챗봇을 통해 사용자가 문의하는 정보에는 거의 변하지 않는 정보가 있는 반면에 시시각각으로 변하는 정보가 있다. 예를 들면 '경부고속도로'와 같은 고속도로명과 구간 길이는 거의 변하지 않지만, 경부고속도로의 특정 구간의 평균속도나 날씨는 시시각각으로 변하게 된다. The information that users inquire through chatbots includes information that is almost unchanged, while there is information that changes from moment to moment.

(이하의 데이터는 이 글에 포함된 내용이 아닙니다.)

lemma abs_dotp_diff_le:
  assumes "\<And>j. j \<in> {1..n} \<Longrightarrow> \<bar>w j\<bar> \<le> W" and "\<And>j. j \<in> {1..n} \<Longrightarrow> \<bar>w j - z j\<bar> \<le> E"
    and "0 \<le> E" and "(\<Sum>j=1..n. \<bar>u j\<bar>) \<le> 1"
  shows "\<bar>dotp n v w - dotp n u z\<bar> \<le> W * (\<Sum>j=1..n. \<bar>v j - u j\<bar>) + E"
proof -
  have "\<bar>dotp n v w - dotp n u z\<bar> \<le> (\<Sum>j=1..n. \<bar>v j * w j - u j * z j\<bar>)"
    unfolding dotp_def by (metis (no_types) sum_abs sum_subtractf)
  also have "\<dots> \<le> (\<Sum>j=1..n. \<bar>v j - u j\<bar> * W + \<bar>u j\<bar> * E)"
  proof (rule sum_mono)
    fix j assume "j \<in> {1..n}"
    then have "\<bar>v j * w j - u j * z j\<bar> \<le> \<bar>v j - u j\<bar> * W + \<bar>u j\<bar> * \<bar>w j - z j\<bar>"
      using assms(1) by (intro abs_mult_diff_le) auto
    also have "\<dots> \<le> \<bar>v j - u j\<bar> * W + \<bar>u j\<bar> * E"
      using assms(2) \<open>j \<in> {1..n}\<close> by (simp add: mult_left_mono)
    finally show "\<bar>v j * w j - u j * z j\<bar> \<le> \<bar>v j - u j\<bar> * W + \<bar>u j\<bar> * E" .
  qed
  also have "\<dots> = W * (\<Sum>j=1..n. \<bar>v j - u j\<bar>) + E * (\<Sum>j=1..n. \<bar>u j\<bar>)"
    by (simp add: sum.distrib sum_distrib_left mult.commute)
  also have "\<dots> \<le> W * (\<Sum>j=1..n. \<bar>v j - u j\<bar>) + E"
    using assms(3,4) by (simp add: mult_left_le)
  finally show ?thesis .
qed

lemma replicator_field_lipschitz:
  assumes A: "\<And>i j. i \<in> {1..n} \<Longrightarrow> j \<in> {1..n} \<Longrightarrow> \<bar>A i j\<bar> \<le> b" and "0 \<le> b"
    and v: "(\<Sum>j=1..n. \<bar>v j\<bar>) \<le> 1" and u: "(\<Sum>j=1..n. \<bar>u j\<bar>) \<le> 1" and i: "i \<in> {1..n}"
  shows "\<bar>replicator_field n A v i - replicator_field n A u i\<bar> \<le> 5 * b * (\<Sum>j=1..n. \<bar>v j - u j\<bar>)"
proof -
  define D where "D = (\<Sum>j=1..n. \<bar>v j - u j\<bar>)"
  define Mv Mu where "Mv = matvec n A v" and "Mu = matvec n A u"
  define Qv Qu where "Qv = dotp n v Mv" and "Qu = dotp n u Mu"
  have "0 \<le> D"
    unfolding D_def by (simp add: sum_nonneg)
  have M_bound: "\<bar>matvec n A z j\<bar> \<le> b" if "(\<Sum>j=1..n. \<bar>z j\<bar>) \<le> 1" "j \<in> {1..n}" for z j
    unfolding matvec_eq_dotp using A that \<open>0 \<le> b\<close> by (intro abs_dotp_le_unit) auto
  have M_diff: "\<bar>Mv j - Mu j\<bar> \<le> D * b" if "j \<in> {1..n}" for j
    unfolding Mv_def Mu_def D_def matvec_diff unfolding matvec_eq_dotp
    using A that by (intro abs_dotp_le) auto
  have Q_bound: "\<bar>Qv\<bar> \<le> b"
    unfolding Qv_def Mv_def using M_bound[OF v] \<open>0 \<le> b\<close> v by (intro abs_dotp_le_unit)
  have "\<bar>dotp n v Mv - dotp n u Mu\<bar> \<le> b * (\<Sum>j=1..n. \<bar>v j - u j\<bar>) + D * b"
    by (rule abs_dotp_diff_le) (use M_bound[OF v] M_diff u \<open>0 \<le> b\<close> \<open>0 \<le> D\<close> in \<open>auto simp: Mv_def\<close>)
  then have Q_diff: "\<bar>Qv - Qu\<bar> \<le> b * D + D * b"
    unfolding Qv_def Qu_def D_def .
  have "\<bar>v i - u i\<bar> \<le> D"
    unfolding D_def using i by (intro member_le_sum) auto
  have "\<bar>u i\<bar> \<le> 1"
    using member_le_sum[of i "{1..n}" "\<lambda>j. \<bar>u j\<bar>"] i u by auto
  have "\<bar>v i * (Mv i - Qv) - u i * (Mu i - Qu)\<bar> \<le> \<bar>v i - u i\<bar> * (2 * b) + 1 * \<bar>(Mv i - Qv) - (Mu i - Qu)\<bar>"
    using M_bound[OF v i] Q_bound \<open>\<bar>u i\<bar> \<le> 1\<close> unfolding Mv_def by (intro abs_mult_diff_le) auto
  also have "\<dots> \<le> D * (2 * b) + (D * b + (b * D + D * b))"
    using \<open>\<bar>v i - u i\<bar> \<le> D\<close> \<open>0 \<le> b\<close> M_diff[OF i] Q_diff
    by (smt (verit) mult_right_mono)
  also have "\<dots> = 5 * b * D"
    by (simp add: algebra_simps)
  finally show ?thesis
    unfolding replicator_field_def D_def Mv_def Mu_def Qv_def Qu_def .
qed
lemma subsets_card_Suc_insert:
  assumes "finite C" "c \<notin> C"
  shows "{A. A \<subseteq> insert c C \<and> card A = Suc j} =
    {A. A \<subseteq> C \<and> card A = Suc j} \<union> insert c ` {A. A \<subseteq> C \<and> card A = j}"
proof (intro equalityI subsetI)
  fix A assume A: "A \<in> {A. A \<subseteq> insert c C \<and> card A = Suc j}"
  show "A \<in> {A. A \<subseteq> C \<and> card A = Suc j} \<union> insert c ` {A. A \<subseteq> C \<and> card A = j}"
  proof (cases "c \<in> A")
    case True
    then have "A = insert c (A - {c})" "A - {c} \<subseteq> C" "card (A - {c}) = j"
      using A by auto
    then show ?thesis
      by blast
  qed (use A in auto)
next
  fix A assume "A \<in> {A. A \<subseteq> C \<and> card A = Suc j} \<union> insert c ` {A. A \<subseteq> C \<and> card A = j}"
  then consider "A \<subseteq> C" "card A = Suc j" | B where "A = insert c B" "B \<subseteq> C" "card B = j"
    by auto
  then show "A \<in> {A. A \<subseteq> insert c C \<and> card A = Suc j}"
  proof cases
    case 2
    then have "finite B" "c \<notin> B"
      using assms finite_subset by auto
    then show ?thesis
      using 2 by auto
  qed auto
qed

lemma subset_inv_gf_insert_max:
  assumes "finite C" "\<forall>i \<in> C. i < c"
  shows "(subset_inv_gf (insert c C) (Suc j) :: 'a::field poly) =
    subset_inv_gf C (Suc j) + [:0, 1:] ^ (card C - j) * subset_inv_gf C j"
proof -
  have c: "c \<notin> C"
    using assms(2) by auto
  have fin: "finite A" if "A \<subseteq> C" for A
    using that assms(1) finite_subset by blast
  have "insert c C - A = insert c (C - A)" if "A \<subseteq> C" for A
    using that c by auto
  moreover have "{i \<in> A. c < i} = {}" if "A \<subseteq> C" for A
    using that assms(2) by force
  ultimately have without_c: "cross_inv A (insert c C - A) = cross_inv A (C - A)"
    if "A \<subseteq> C" for A
    using that fin[OF that] c by (simp add: cross_inv_insert_right)
  have with_c: "cross_inv (insert c A) (C - A) = cross_inv A (C - A) + (card C - j)"
    if "A \<subseteq> C" "card A = j" for A
  proof -
    have "c \<notin> A" "{i \<in> C - A. i < c} = C - A"
      using that(1) c assms(2) by auto
    then show ?thesis
      using that fin[OF that(1)] by (simp add: cross_inv_insert_left card_Diff_subset)
  qed
  have "inj_on (insert c) {A. A \<subseteq> C \<and> card A = j}"
    using c by (auto simp: inj_on_def)
  then show ?thesis
    unfolding subset_inv_gf_def subsets_card_Suc_insert[OF assms(1) c]
    using c assms(1)
    by (subst sum.union_disjoint)
       (auto simp: sum.reindex without_c with_c power_add sum_distrib_left mult.commute
         intro!: sum.cong)
qed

For example, the name of an expressway such as 'Gyeongbu Expressway' and the length of a section hardly change, but the average speed or weather of a specific section of the Gyeongbu Expressway changes from moment to moment.

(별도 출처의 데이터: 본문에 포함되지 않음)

definition dens_ext :: "(real \<Rightarrow> real) \<Rightarrow> ereal \<Rightarrow> real" where
  "dens_ext p z = (if z = -\<infinity> \<or> z = \<infinity> then 0 else p (real_of_ereal z))"

definition quantile :: "(real \<Rightarrow> real) \<Rightarrow> real \<Rightarrow> ereal" where
  "quantile p u = Inf {z::ereal. cdf_ext p z \<ge> u}"

definition Jfun :: "(real \<Rightarrow> real) \<Rightarrow> real \<Rightarrow> real" where
  "Jfun p u = dens_ext p (quantile p u)"

text \<open>Least concave majorant of J on [0,1] (pointwise infimum of all concave majorants).\<close>
definition lcm01 :: "(real \<Rightarrow> real) \<Rightarrow> real \<Rightarrow> real" where
  "lcm01 J u = Inf {g u | g. concave_on {0..1} g \<and> (\<forall>v\<in>{0..1}. J v \<le> g v)}"

definition rderiv :: "(real \<Rightarrow> real) \<Rightarrow> real \<Rightarrow> ereal" where
  "rderiv f u = Lim (at_right u) (\<lambda>v. ereal ((f v - f u) / (v - u)))"

definition rderiv01 :: "(real \<Rightarrow> real) \<Rightarrow> real \<Rightarrow> ereal" where
  "rderiv01 f u = (if u = 1 then Lim (at_left 1) (rderiv f) else rderiv f u)"

definition psi_star :: "(real \<Rightarrow> real) \<Rightarrow> real \<Rightarrow> ereal" where
  "psi_star p z = rderiv01 (lcm01 (Jfun p)) (cdf_of p z)"

text \<open>Two-sided hazard function; Isabelle's x/0 = 0 realises the conventions 0/0 = 0
  and h_0(z) = 0 whenever F_0(z) is 0 or 1.\<close>
definition hazard2 :: "(real \<Rightarrow> real) \<Rightarrow> real \<Rightarrow> real" where
  "hazard2 p z = p z / min (cdf_of p z) (1 - cdf_of p z)"

definition zmin :: "(real \<Rightarrow> real) \<Rightarrow> ereal" where
  "zmin p = Inf {ereal z | z. p z > 0}"

definition zmax :: "(real \<Rightarrow> real) \<Rightarrow> ereal" where
  "zmax p = Sup {ereal z | z. p z > 0}"

definition from_above :: "ereal \<Rightarrow> real filter" where
  "from_above a = (if a = -\<infinity> then at_bot else at_right (real_of_ereal a))"

definition from_below :: "ereal \<Rightarrow> real filter" where
  "from_below b = (if b = \<infinity> then at_top else at_left (real_of_ereal b))"

end

theory Submission
  imports Defs
begin

(* For 0 < u < 1 the quantile F_0^{-1}(u) is a point z with F_0(z) = u, and J_0(F_0(z)) = p_0(z)
   whenever 0 < F_0(z) < 1. Near z_min the hazard is therefore J_0(u)/u with u = F_0(z), so
   J_0(u) <= K u on (0,1) bounds it there. Conversely, once z_min = -infinity, a hazard bound on
   (-infinity, N] gives J_0(u) <= K u for u <= F_0(N), and for larger u this follows from the
   boundedness of p_0.

   As psi_0^* is decreasing, its limit at -infinity is its supremum, and psi_0^* <= (hat J_0)'(0+).
   If J_0(u) <= K u then K u is a concave majorant, so hat J_0 <= K u and all slopes of hat J_0 from
   0 are at most K. Conversely, a concave function with right derivative at most K on (0,1) that
   tends to 0 at 0 lies below K u; uniform continuity of p_0 makes J_0, hence hat J_0, vanish
   uniformly at 0.

   If z_min were finite, p_0 <= K F_0 to the right of z_min together with F_0(z_min) = 0 would force
   p_0 = 0 there (a Gronwall argument), contradicting the definition of z_min. Part (b) is the
   mirror image. *)

lemma antimono_tendsto_at_bot_iff:
  fixes f :: "'a::linorder \<Rightarrow> 'b::{complete_linorder,linorder_topology}"
  assumes "antimono f"
  shows "(\<exists>L. (f \<longlongrightarrow> L) at_bot \<and> P L) \<longleftrightarrow> P (SUP x. f x)"
proof -
  have "(f \<longlongrightarrow> (SUP x. f x)) at_bot"
  proof (rule order_tendstoI)
    fix a assume "a < (SUP x. f x)"
    then obtain x0 where "a < f x0" by (auto simp: less_SUP_iff)
    then show "\<forall>\<^sub>F x in at_bot. a < f x"
      unfolding eventually_at_bot_linorder
      using assms by (auto intro!: exI[of _ x0] elim: less_le_trans dest: antimonoD)
  next
    fix a assume "(SUP x. f x) < a"
    then show "\<forall>\<^sub>F x in at_bot. f x < a"
      by (auto intro: always_eventually le_less_trans[OF SUP_upper])
  qed
  then show ?thesis
    using tendsto_unique[OF trivial_limit_at_bot_linorder] by metis
qed

lemma antimono_tendsto_at_top_iff:
  fixes f :: "'a::linorder \<Rightarrow> 'b::{complete_linorder,linorder_topology}"
  assumes "antimono f"
  shows "(\<exists>L. (f \<longlongrightarrow> L) at_top \<and> P L) \<longleftrightarrow> P (INF x. f x)"
proof -
  have "(f \<longlongrightarrow> (INF x. f x)) at_top"
  proof (rule order_tendstoI)
    fix a assume "a < (INF x. f x)"
    then show "\<forall>\<^sub>F x in at_top. a < f x"
      by (auto intro: always_eventually less_le_trans[OF _ INF_lower])
  next
    fix a assume "(INF x. f x) < a"
    then obtain x0 where "f x0 < a" by (auto simp: INF_less_iff)
    then show "\<forall>\<^sub>F x in at_top. f x < a"
      unfolding eventually_at_top_linorder
      using assms by (auto intro!: exI[of _ x0] elim: le_less_trans[rotated] dest: antimonoD)
  qed
  then show ?thesis
    using tendsto_unique[OF trivial_limit_at_top_linorder] by metis
qed

lemma Limsup_ereal_less_infinity_iff:
  "Limsup F (\<lambda>x. ereal (h x)) < \<infinity> \<longleftrightarrow> (\<exists>K. \<forall>\<^sub>F x in F. h x \<le> K)"
proof
  assume "Limsup F (\<lambda>x. ereal (h x)) < \<infinity>"
  then obtain K where "Limsup F (\<lambda>x. ereal (h x)) < ereal K"
    using ereal_dense2 by blast
  then have "\<forall>\<^sub>F x in F. ereal (h x) < ereal K" by (rule Limsup_lessD)
  then show "\<exists>K. \<forall>\<^sub>F x in F. h x \<le> K" by (auto intro!: exI[of _ K] elim!: eventually_mono)
next
  assume "\<exists>K. \<forall>\<^sub>F x in F. h x \<le> K"
  then obtain K where "\<forall>\<^sub>F x in F. ereal (h x) \<le> ereal K" by (auto elim!: eventually_mono)
  then have "Limsup F (\<lambda>x. ereal (h x)) \<le> ereal K" by (rule Limsup_bounded)
  then show "Limsup F (\<lambda>x. ereal (h x)) < \<infinity>" by (rule le_less_trans) simp
qed

section \<open>Right derivatives of concave functions\<close>

definition slope :: "(real \<Rightarrow> real) \<Rightarrow> real \<Rightarrow> real \<Rightarrow> real" where
  "slope f u v = (f v - f u) / (v - u)"

lemma concave_on_slope_le:
  assumes f: "concave_on I f" and I: "w \<in> I" "v \<in> I" and wuv: "w < u" "u < v"
  shows "slope f u v \<le> slope f w v" and "slope f w v \<le> slope f w u"
proof -
  have "convex_on I (\<lambda>x. - f x)" using f by (simp add: concave_on_def)
  note le = convex_on_slope_le[OF this I wuv]
  show "slope f u v \<le> slope f w v" "slope f w v \<le> slope f w u"
    using le wuv unfolding slope_def by (auto simp: field_split_simps)
qed

lemma rderiv_concave_eq_SUP:
  assumes f: "concave_on {a..b} f" and u: "a \<le> u" "u < b"
  shows "rderiv f u = (SUP v\<in>{u<..b}. ereal (slope f u v))"
proof -
  let ?S = "SUP v\<in>{u<..b}. ereal (slope f u v)"
  have "((\<lambda>v. ereal (slope f u v)) \<longlongrightarrow> ?S) (at_right u)"
  proof (rule order_tendstoI)
    fix y assume "y < ?S"
    then obtain v0 where v0: "v0 \<in> {u<..b}" "y < ereal (slope f u v0)"
      by (auto simp: less_SUP_iff)
    have "slope f u v0 \<le> slope f u v" if "u < v" "v < v0" for v
      using concave_on_slope_le(2)[OF f, of u v0 v] u v0 that by auto
    then show "\<forall>\<^sub>F v in at_right u. y < ereal (slope f u v)"
      unfolding eventually_at_right_field using v0
      by (intro exI[of _ v0]) (auto intro: less_le_trans)
  next
    fix y assume "?S < y"
    have "ereal (slope f u v) \<le> ?S" if "u < v" "v < b" for v
      using that by (intro SUP_upper) auto
    then show "\<forall>\<^sub>F v in at_right u. ereal (slope f u v) < y"
      unfolding eventually_at_right_field using u \<open>?S < y\<close>
      by (intro exI[of _ b]) (auto intro: le_less_trans)
  qed
  then show ?thesis
    unfolding rderiv_def slope_def[symmetric] by (intro tendsto_Lim) auto
qed

lemma rderiv_concave_le_slope:
  assumes f: "concave_on {a..b} f" and "a \<le> w" "w < u" "u < b"
  shows "rderiv f u \<le> ereal (slope f w u)"
proof -
  have "rderiv f u = (SUP v\<in>{u<..b}. ereal (slope f u v))"
    using assms by (intro rderiv_concave_eq_SUP[OF f]) auto
  also have "\<dots> \<le> ereal (slope f w u)"
    using assms concave_on_slope_le[OF f, of w] by (intro SUP_least) force
  finally show ?thesis .
qed

lemma slope_le_rderiv_concave:
  assumes f: "concave_on {a..b} f" and "a \<le> u" "u < v" "v \<le> b"
  shows "ereal (slope f u v) \<le> rderiv f u"
proof -
  have "rderiv f u = (SUP v\<in>{u<..b}. ereal (slope f u v))"
    using assms by (intro rderiv_concave_eq_SUP[OF f]) auto
  then show ?thesis using assms by (auto intro: SUP_upper)
qed

lemma rderiv_concave_antimono:
  assumes f: "concave_on {a..b} f" and "a \<le> u" "u \<le> u'" "u' < b"
  shows "rderiv f u' \<le> rderiv f u"
proof (cases "u = u'")
  case False
  then have "rderiv f u' \<le> ereal (slope f u u')"
    using assms by (intro rderiv_concave_le_slope[OF f]) auto
  also have "\<dots> \<le> rderiv f u"
    using assms False by (intro slope_le_rderiv_concave[OF f]) auto
  finally show ?thesis .
qed simp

또한, 주기적으로 변경되는 데이터가 있는 반면에 비정기적으로 변경되는 데이터가 있다. 예를 들면, 사용자가 납부한 통신 요금은 매달 갱신되는 반면에 기본 통신 요금은 비정기적으로 변경될 수 있다.In addition, while there is data that changes periodically, there is data that changes irregularly. For example, while the communication fee paid by the user is renewed every month, the basic communication fee may be changed irregularly.

본 발명에서는 데이터마다의 고유한 변동성과 주기를 감안하여 각 데이터에 적합한 주기로 데이터를 기계학습 장치에 제공함으로써 학습 시스템의 부하를 줄이면서도 적절한 기계학습이 이루어지도록 한다.In the present invention, considering the unique variability and cycle of each data, data is provided to the machine learning device at a cycle suitable for each data, thereby reducing the load on the learning system and allowing appropriate machine learning to be performed.

이하, 도면을 참조하여 본 발명의 바람직한 실시예를 상세히 설명한다. Hereinafter, preferred embodiments of the present invention will be described in detail with reference to the drawings.

도 1은 챗봇 시스템에 본 발명이 적용된 예를 보여주는 블록도이다. 1 is a block diagram showing an example in which the present invention is applied to a chatbot system.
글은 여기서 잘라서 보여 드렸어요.